The heron fixed me with a wary, if calm eye. I was so close I could see the yellow of its irises as it stood motionless on a wooden fence post at the Waterworks Reserve.
A lone heron, a lone walker. A meeting of minds. The heron and I appeared to be on the same path to self-discovery. I was attuned to a glorious summer’s day, finding a little “me time” away from the family. The white-faced heron seemed to have the same idea; coolly taking in the view, the goings on all about it, without a thought to the daily needs of existence, finding a feed.
As I passed, the heron swung its giant, dagger beak about it, pointing it in the direction of a hazy kunanyi/Mt Wellington towering above the reserve.
I paused again, contemplating the heron, the motive for it being there. Herons – or blue cranes as they are called in Tasmania, in homage to their largely blue-grey plumage – are only seen in the reserve in spring when they invade the neighbouring suburbs to hunt skinks emerging from hibernation at the end of winter.
Then I see them everywhere, before they vanish, travelling to breeding areas. At the same time long plumes grow to adorn their heads. These grey breeding feathers enhance a plumage which also features a wash of magenta on their breasts. And there is, of course, the white face patch that speaks their name across the entire Australian continent and neighbouring islands of Indonesia, Papua New Guinea and New Zealand.
It is impossible I’m told to tell male and female white-faced heron apart.

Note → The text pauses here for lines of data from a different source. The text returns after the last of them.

lemma integrable_moment_exp_neg_two_V: "integrable lborel (\<lambda>Q. Q^n * exp (- 2 * V mu nu Q))"
proof -
  obtain C where C: "\<And>Q. - 2 * V mu nu Q \<le> C - Q^2 / 2"
    using neg_two_V_le_gaussian by blast
  have "integrable lborel (\<lambda>Q. (exp C * sqrt (2 * pi)) * (normal_density 0 1 Q * \<bar>Q - 0\<bar>^n))"
    by (intro integrable_mult_right integrable_normal_moment_abs) simp
  then show ?thesis
  proof (rule Bochner_Integration.integrable_bound)
    show "(\<lambda>Q. Q^n * exp (- 2 * V mu nu Q)) \<in> borel_measurable lborel"
      unfolding V_def by measurable
    have "abs Q ^ n * exp (- 2 * V mu nu Q) \<le> abs Q ^ n * (exp C * exp (- (Q^2) / 2))" for Q
      using C[of Q] by (intro mult_left_mono) (auto simp flip: exp_add)
    then show "AE Q in lborel. norm (Q^n * exp (- 2 * V mu nu Q))
        \<le> norm ((exp C * sqrt (2 * pi)) * (normal_density 0 1 Q * \<bar>Q - 0\<bar>^n))"
      by (intro AE_I2) (simp add: std_normal_density_def abs_mult power_abs mult_ac)
  qed
qed

lemma phi1_pos: "phi1 mu nu Q > 0"
proof -
  let ?f = "\<lambda>q. exp (- 2 * V mu nu q)"
  have int: "integrable lborel ?f"
    using integrable_moment_exp_neg_two_V[of 0] by simp
  have "(LINT q|lborel. ?f q) \<noteq> 0"
    using integral_nonneg_eq_0_iff_AE[OF int] ae_filter_eq_bot_iff[of lborel]
    by (simp add: eventually_False)
  moreover have "(LINT q|lborel. ?f q) \<ge> 0"
    by (intro integral_nonneg_AE AE_I2) simp
  ultimately have "(LINT q|lborel. ?f q) > 0"
    by linarith
  then show ?thesis
    unfolding phi1_def by simp
qed

lemma phi1_measurable [measurable]: "phi1 mu nu \<in> borel_measurable borel"
  unfolding phi1_def V_def by measurable

section \<open>The weighted space \<open>L\<^sup>2\<^sub>1\<close> and its completeness\<close>

lemma convergent_of_geometric_weighted_increments:
  fixes x :: "nat \<Rightarrow> real"
  assumes bound: "\<And>k. 2^k * (x (Suc k) - x k)^2 \<le> H"
  shows "convergent x"
proof -
  have "summable (\<lambda>k. x (Suc k) - x k)"
  proof (rule summable_comparison_test)
    show "summable (\<lambda>k. sqrt H * sqrt (1/2)^k)"
      by (intro summable_mult summable_geometric) (simp add: real_sqrt_lt_1_iff)
    have "(x (Suc k) - x k)^2 \<le> H * (1/2)^k" for k
      using bound[of k] by (simp add: field_simps power_divide)
    then have "\<bar>x (Suc k) - x k\<bar> \<le> sqrt H * sqrt (1/2)^k" for k
      by (metis real_sqrt_abs real_sqrt_le_mono real_sqrt_mult real_sqrt_power)
    then show "\<exists>N. \<forall>k\<ge>N. norm (x (Suc k) - x k) \<le> sqrt H * sqrt (1/2)^k"
      by auto
  qed
  then have "convergent (\<lambda>k. x 0 + (\<Sum>j<k. x (Suc j) - x j))"
    by (intro convergent_add convergent_const) (simp add: summable_iff_convergent)
  then show ?thesis
    using sum_lessThan_telescope[of x] by simp
qed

I only know that the bird I see in the Waterworks Reserve has probably bred this season.
Just a day previously I had driven south of Lauderdale, across the salt marshes on the road to the South Arm, and seen herons wading in shallow waters there, in a habitat much more suited to them. The wetland area is also suitable for breeding, with scattered trees a short flight away that can hold heron nests constructed of sticks.
Had this bird sent his or her fledglings on their way already to carve their own futures? Was it now a heron on an adventure of its own, taking in the sights and sounds of a location far from its natural home, in step with me in the way I wander from suburbia a few times a week for a spiritual experience not mired in concrete and glass?
“Birds of a feather” I whisper to myself but what would a white-faced heron make of such human musings? Behind that mad yellow eye, beyond the tip of that fearsome beak, I like to think a lone heron and a lone human, basking in the warmth of a summer’s afternoon, speak the same language, a language without words.